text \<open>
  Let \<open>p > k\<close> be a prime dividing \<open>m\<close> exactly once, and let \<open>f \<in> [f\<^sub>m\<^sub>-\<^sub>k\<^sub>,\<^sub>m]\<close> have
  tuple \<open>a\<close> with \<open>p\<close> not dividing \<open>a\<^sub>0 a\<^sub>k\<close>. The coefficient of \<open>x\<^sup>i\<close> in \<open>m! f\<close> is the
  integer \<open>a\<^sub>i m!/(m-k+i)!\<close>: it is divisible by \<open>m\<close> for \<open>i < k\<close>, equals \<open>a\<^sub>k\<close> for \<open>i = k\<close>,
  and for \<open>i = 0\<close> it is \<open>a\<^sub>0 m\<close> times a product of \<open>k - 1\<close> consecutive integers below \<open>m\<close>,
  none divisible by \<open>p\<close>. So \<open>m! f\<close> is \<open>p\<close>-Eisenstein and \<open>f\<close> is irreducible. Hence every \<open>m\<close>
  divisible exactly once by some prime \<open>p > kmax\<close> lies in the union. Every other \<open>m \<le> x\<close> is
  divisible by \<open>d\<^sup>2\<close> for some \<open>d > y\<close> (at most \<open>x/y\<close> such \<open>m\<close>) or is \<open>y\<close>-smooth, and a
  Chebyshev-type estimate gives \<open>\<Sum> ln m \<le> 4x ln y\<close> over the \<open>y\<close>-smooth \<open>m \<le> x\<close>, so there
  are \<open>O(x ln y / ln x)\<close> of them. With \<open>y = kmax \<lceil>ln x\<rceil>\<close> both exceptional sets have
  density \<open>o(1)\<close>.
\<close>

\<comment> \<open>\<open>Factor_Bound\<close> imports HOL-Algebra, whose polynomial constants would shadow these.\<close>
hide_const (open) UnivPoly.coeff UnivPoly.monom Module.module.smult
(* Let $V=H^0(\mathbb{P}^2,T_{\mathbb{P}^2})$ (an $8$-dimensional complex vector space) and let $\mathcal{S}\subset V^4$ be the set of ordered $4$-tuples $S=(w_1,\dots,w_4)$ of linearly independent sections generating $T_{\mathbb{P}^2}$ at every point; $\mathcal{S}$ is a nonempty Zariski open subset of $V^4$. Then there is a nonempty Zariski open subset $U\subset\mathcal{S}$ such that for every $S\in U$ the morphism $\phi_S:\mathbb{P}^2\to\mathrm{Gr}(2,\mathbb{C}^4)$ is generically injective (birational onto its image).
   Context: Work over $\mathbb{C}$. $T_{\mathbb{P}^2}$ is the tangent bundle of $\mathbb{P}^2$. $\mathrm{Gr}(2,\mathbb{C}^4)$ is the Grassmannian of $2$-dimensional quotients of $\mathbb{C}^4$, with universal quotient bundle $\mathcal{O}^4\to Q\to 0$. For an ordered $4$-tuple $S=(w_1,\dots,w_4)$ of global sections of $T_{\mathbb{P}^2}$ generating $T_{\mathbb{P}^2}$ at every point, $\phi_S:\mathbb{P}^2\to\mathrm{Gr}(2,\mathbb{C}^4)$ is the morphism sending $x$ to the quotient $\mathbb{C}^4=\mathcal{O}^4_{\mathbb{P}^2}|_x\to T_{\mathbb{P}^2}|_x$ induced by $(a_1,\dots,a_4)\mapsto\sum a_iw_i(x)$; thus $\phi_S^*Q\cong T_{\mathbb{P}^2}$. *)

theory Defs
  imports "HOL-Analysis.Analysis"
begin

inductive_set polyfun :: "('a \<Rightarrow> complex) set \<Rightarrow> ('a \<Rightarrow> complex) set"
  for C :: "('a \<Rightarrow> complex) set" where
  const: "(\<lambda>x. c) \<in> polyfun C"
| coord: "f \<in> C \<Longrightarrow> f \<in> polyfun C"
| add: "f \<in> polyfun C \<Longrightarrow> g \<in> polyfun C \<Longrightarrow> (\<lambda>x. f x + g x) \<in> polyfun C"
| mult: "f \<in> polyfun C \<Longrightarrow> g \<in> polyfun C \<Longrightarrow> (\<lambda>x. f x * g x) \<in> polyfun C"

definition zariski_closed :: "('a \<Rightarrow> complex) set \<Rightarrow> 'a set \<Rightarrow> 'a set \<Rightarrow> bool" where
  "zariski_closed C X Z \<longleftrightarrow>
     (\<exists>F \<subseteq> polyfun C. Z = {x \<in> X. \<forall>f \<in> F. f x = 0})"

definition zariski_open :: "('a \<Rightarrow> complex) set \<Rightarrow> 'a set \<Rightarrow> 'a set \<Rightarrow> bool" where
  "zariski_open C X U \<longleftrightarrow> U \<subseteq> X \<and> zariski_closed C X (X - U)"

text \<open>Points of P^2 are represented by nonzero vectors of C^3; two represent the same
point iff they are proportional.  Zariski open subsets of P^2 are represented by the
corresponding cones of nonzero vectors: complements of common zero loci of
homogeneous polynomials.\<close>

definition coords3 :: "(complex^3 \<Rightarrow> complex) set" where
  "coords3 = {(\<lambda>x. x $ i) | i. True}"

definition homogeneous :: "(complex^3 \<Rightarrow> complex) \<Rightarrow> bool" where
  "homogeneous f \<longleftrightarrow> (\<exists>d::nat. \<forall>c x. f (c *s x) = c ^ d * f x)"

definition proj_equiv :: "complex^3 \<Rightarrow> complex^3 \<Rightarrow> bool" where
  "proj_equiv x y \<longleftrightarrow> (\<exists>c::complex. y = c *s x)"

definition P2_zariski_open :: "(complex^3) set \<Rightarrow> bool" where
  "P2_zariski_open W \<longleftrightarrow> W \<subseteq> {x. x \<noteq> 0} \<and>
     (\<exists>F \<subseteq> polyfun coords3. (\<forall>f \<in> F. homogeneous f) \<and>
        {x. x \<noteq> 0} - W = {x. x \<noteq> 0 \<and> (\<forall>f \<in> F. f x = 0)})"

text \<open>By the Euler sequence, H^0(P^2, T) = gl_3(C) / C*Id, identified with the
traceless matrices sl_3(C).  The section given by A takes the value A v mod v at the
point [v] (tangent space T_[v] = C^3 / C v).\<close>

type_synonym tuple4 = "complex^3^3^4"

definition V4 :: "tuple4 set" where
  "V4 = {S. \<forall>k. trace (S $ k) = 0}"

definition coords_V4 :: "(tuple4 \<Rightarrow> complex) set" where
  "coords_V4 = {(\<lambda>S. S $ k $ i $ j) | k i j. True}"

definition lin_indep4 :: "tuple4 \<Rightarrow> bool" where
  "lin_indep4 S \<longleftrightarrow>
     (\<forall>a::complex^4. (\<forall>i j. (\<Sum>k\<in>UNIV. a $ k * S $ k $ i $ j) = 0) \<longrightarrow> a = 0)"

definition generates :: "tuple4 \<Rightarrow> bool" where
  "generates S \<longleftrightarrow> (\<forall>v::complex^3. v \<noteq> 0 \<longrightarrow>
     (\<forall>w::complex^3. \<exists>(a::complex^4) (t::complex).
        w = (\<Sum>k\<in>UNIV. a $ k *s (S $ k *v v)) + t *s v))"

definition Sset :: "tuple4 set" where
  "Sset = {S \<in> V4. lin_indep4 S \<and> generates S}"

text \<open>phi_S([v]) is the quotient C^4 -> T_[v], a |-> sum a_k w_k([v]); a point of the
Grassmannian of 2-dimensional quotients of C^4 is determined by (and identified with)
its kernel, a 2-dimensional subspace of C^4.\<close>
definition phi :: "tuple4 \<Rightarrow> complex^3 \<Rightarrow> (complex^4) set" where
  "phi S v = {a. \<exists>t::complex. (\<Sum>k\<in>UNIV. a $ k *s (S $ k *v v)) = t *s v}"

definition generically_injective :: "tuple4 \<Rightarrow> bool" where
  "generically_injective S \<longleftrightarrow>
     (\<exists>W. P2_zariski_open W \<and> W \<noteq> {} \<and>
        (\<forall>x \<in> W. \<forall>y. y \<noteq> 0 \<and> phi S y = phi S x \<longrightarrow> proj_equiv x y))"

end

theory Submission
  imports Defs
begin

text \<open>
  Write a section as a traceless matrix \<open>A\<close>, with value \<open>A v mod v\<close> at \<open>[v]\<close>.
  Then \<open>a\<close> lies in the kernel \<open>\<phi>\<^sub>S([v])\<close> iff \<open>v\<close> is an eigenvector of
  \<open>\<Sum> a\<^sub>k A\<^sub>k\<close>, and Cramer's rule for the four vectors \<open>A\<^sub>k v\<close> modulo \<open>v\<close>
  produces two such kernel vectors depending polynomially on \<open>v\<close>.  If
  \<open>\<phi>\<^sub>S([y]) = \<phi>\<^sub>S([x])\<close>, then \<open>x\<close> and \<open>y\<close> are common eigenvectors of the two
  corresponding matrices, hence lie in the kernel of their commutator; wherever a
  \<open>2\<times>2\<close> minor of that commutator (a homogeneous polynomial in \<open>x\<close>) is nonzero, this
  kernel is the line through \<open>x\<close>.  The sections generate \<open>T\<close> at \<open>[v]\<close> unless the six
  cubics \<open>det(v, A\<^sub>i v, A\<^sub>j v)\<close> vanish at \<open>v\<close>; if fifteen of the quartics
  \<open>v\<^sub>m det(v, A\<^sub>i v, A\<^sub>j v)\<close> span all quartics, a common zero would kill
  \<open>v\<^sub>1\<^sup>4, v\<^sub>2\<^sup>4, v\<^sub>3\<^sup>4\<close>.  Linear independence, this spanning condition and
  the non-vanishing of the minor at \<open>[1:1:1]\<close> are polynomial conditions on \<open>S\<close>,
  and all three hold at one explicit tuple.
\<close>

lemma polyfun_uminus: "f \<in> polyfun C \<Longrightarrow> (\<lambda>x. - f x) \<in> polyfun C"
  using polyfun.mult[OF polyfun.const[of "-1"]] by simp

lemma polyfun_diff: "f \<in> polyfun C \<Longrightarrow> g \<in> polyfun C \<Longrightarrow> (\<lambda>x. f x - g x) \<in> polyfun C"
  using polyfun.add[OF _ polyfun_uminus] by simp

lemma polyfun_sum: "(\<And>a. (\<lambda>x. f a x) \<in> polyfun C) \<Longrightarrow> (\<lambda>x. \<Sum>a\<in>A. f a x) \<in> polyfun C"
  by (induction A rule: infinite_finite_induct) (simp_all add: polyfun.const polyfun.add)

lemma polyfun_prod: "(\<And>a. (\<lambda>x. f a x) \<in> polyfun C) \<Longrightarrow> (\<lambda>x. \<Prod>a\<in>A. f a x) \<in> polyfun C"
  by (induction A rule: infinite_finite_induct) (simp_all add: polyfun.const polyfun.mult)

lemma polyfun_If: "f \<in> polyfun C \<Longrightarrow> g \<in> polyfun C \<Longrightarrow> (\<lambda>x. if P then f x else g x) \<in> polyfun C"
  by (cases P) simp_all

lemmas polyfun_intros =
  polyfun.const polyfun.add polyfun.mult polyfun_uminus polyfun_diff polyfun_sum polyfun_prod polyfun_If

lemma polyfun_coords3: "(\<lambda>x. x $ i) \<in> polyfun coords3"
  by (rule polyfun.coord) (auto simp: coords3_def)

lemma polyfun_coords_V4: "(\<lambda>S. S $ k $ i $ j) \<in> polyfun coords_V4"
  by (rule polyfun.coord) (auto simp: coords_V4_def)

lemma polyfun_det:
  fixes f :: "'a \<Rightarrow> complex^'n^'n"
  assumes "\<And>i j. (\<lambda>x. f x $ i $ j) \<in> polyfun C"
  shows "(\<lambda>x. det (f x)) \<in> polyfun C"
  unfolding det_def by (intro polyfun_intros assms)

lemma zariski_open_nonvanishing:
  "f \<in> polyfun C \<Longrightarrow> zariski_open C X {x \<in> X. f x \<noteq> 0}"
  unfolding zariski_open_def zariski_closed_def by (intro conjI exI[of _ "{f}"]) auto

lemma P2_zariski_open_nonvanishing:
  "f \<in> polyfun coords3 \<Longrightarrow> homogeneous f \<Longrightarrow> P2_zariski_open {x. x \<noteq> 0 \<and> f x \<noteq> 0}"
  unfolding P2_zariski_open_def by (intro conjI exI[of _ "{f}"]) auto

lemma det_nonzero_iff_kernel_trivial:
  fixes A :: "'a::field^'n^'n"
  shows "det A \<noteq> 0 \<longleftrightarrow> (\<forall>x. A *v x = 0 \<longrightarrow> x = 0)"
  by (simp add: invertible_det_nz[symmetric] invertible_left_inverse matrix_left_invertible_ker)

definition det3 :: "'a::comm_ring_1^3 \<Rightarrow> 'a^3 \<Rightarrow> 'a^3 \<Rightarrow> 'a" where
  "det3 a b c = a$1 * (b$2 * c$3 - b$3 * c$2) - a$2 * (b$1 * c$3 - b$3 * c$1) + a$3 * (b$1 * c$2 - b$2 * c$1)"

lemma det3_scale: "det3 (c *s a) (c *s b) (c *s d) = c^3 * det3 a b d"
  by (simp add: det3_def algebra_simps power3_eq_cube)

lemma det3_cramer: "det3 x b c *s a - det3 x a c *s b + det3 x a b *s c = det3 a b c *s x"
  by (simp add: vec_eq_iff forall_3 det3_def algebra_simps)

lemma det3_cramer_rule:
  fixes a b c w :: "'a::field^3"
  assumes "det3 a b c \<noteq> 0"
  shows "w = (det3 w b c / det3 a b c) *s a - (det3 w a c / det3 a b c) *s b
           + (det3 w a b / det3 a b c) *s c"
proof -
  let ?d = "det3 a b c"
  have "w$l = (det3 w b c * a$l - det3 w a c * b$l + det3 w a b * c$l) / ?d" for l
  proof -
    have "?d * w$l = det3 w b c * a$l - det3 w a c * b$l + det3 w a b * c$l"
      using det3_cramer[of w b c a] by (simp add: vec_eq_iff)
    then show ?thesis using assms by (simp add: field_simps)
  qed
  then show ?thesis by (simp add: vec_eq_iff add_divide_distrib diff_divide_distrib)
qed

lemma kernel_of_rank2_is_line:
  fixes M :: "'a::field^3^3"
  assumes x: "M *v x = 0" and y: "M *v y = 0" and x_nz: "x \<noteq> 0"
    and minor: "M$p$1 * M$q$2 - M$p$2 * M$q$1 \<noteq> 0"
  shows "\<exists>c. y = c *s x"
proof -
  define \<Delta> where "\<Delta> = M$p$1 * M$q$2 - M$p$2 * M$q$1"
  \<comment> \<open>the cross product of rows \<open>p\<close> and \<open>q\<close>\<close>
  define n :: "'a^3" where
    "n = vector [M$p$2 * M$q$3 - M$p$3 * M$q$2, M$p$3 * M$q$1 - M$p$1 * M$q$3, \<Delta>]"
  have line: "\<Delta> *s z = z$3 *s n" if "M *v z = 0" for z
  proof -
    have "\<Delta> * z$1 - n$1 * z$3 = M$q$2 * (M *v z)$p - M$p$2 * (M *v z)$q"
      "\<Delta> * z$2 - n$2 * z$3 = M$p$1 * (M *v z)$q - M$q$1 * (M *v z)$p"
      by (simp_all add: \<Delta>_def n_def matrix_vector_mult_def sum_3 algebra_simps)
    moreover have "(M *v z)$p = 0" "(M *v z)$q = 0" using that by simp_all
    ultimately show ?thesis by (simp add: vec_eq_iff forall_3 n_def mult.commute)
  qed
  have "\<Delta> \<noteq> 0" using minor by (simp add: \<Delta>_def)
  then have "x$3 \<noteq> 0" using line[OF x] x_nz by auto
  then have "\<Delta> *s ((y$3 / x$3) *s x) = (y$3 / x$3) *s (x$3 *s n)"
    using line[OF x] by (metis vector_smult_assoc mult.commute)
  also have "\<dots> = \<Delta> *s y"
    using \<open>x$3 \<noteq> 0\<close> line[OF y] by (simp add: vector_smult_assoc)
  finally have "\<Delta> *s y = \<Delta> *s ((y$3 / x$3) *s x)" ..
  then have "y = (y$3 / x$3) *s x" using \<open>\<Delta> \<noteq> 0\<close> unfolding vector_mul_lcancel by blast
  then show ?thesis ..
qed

## Exercise objective
All that is wanted is an exact copy of the lines above from the one with "using polyfun.mult[OF polyfun.const[of" through the one with "A \<noteq> 0", with both ends included.

## Finished task
  using polyfun.mult[OF polyfun.const[of "-1"]] by simp

lemma polyfun_diff: "f \<in> polyfun C \<Longrightarrow> g \<in> polyfun C \<Longrightarrow> (\<lambda>x. f x - g x) \<in> polyfun C"
  using polyfun.add[OF _ polyfun_uminus] by simp

lemma polyfun_sum: "(\<And>a. (\<lambda>x. f a x) \<in> polyfun C) \<Longrightarrow> (\<lambda>x. \<Sum>a\<in>A. f a x) \<in> polyfun C"
  by (induction A rule: infinite_finite_induct) (simp_all add: polyfun.const polyfun.add)

lemma polyfun_prod: "(\<And>a. (\<lambda>x. f a x) \<in> polyfun C) \<Longrightarrow> (\<lambda>x. \<Prod>a\<in>A. f a x) \<in> polyfun C"
  by (induction A rule: infinite_finite_induct) (simp_all add: polyfun.const polyfun.mult)

lemma polyfun_If: "f \<in> polyfun C \<Longrightarrow> g \<in> polyfun C \<Longrightarrow> (\<lambda>x. if P then f x else g x) \<in> polyfun C"
  by (cases P) simp_all

lemmas polyfun_intros =
  polyfun.const polyfun.add polyfun.mult polyfun_uminus polyfun_diff polyfun_sum polyfun_prod polyfun_If

lemma polyfun_coords3: "(\<lambda>x. x $ i) \<in> polyfun coords3"
  by (rule polyfun.coord) (auto simp: coords3_def)

lemma polyfun_coords_V4: "(\<lambda>S. S $ k $ i $ j) \<in> polyfun coords_V4"
  by (rule polyfun.coord) (auto simp: coords_V4_def)

lemma polyfun_det:
  fixes f :: "'a \<Rightarrow> complex^'n^'n"
  assumes "\<And>i j. (\<lambda>x. f x $ i $ j) \<in> polyfun C"
  shows "(\<lambda>x. det (f x)) \<in> polyfun C"
  unfolding det_def by (intro polyfun_intros assms)

lemma zariski_open_nonvanishing:
  "f \<in> polyfun C \<Longrightarrow> zariski_open C X {x \<in> X. f x \<noteq> 0}"
  unfolding zariski_open_def zariski_closed_def by (intro conjI exI[of _ "{f}"]) auto

lemma P2_zariski_open_nonvanishing:
  "f \<in> polyfun coords3 \<Longrightarrow> homogeneous f \<Longrightarrow> P2_zariski_open {x. x \<noteq> 0 \<and> f x \<noteq> 0}"
  unfolding P2_zariski_open_def by (intro conjI exI[of _ "{f}"]) auto

lemma det_nonzero_iff_kernel_trivial:
  fixes A :: "'a::field^'n^'n"
  shows "det A \<noteq> 0 \<longleftrightarrow> (\<forall>x. A *v x = 0 \<longrightarrow> x = 0)"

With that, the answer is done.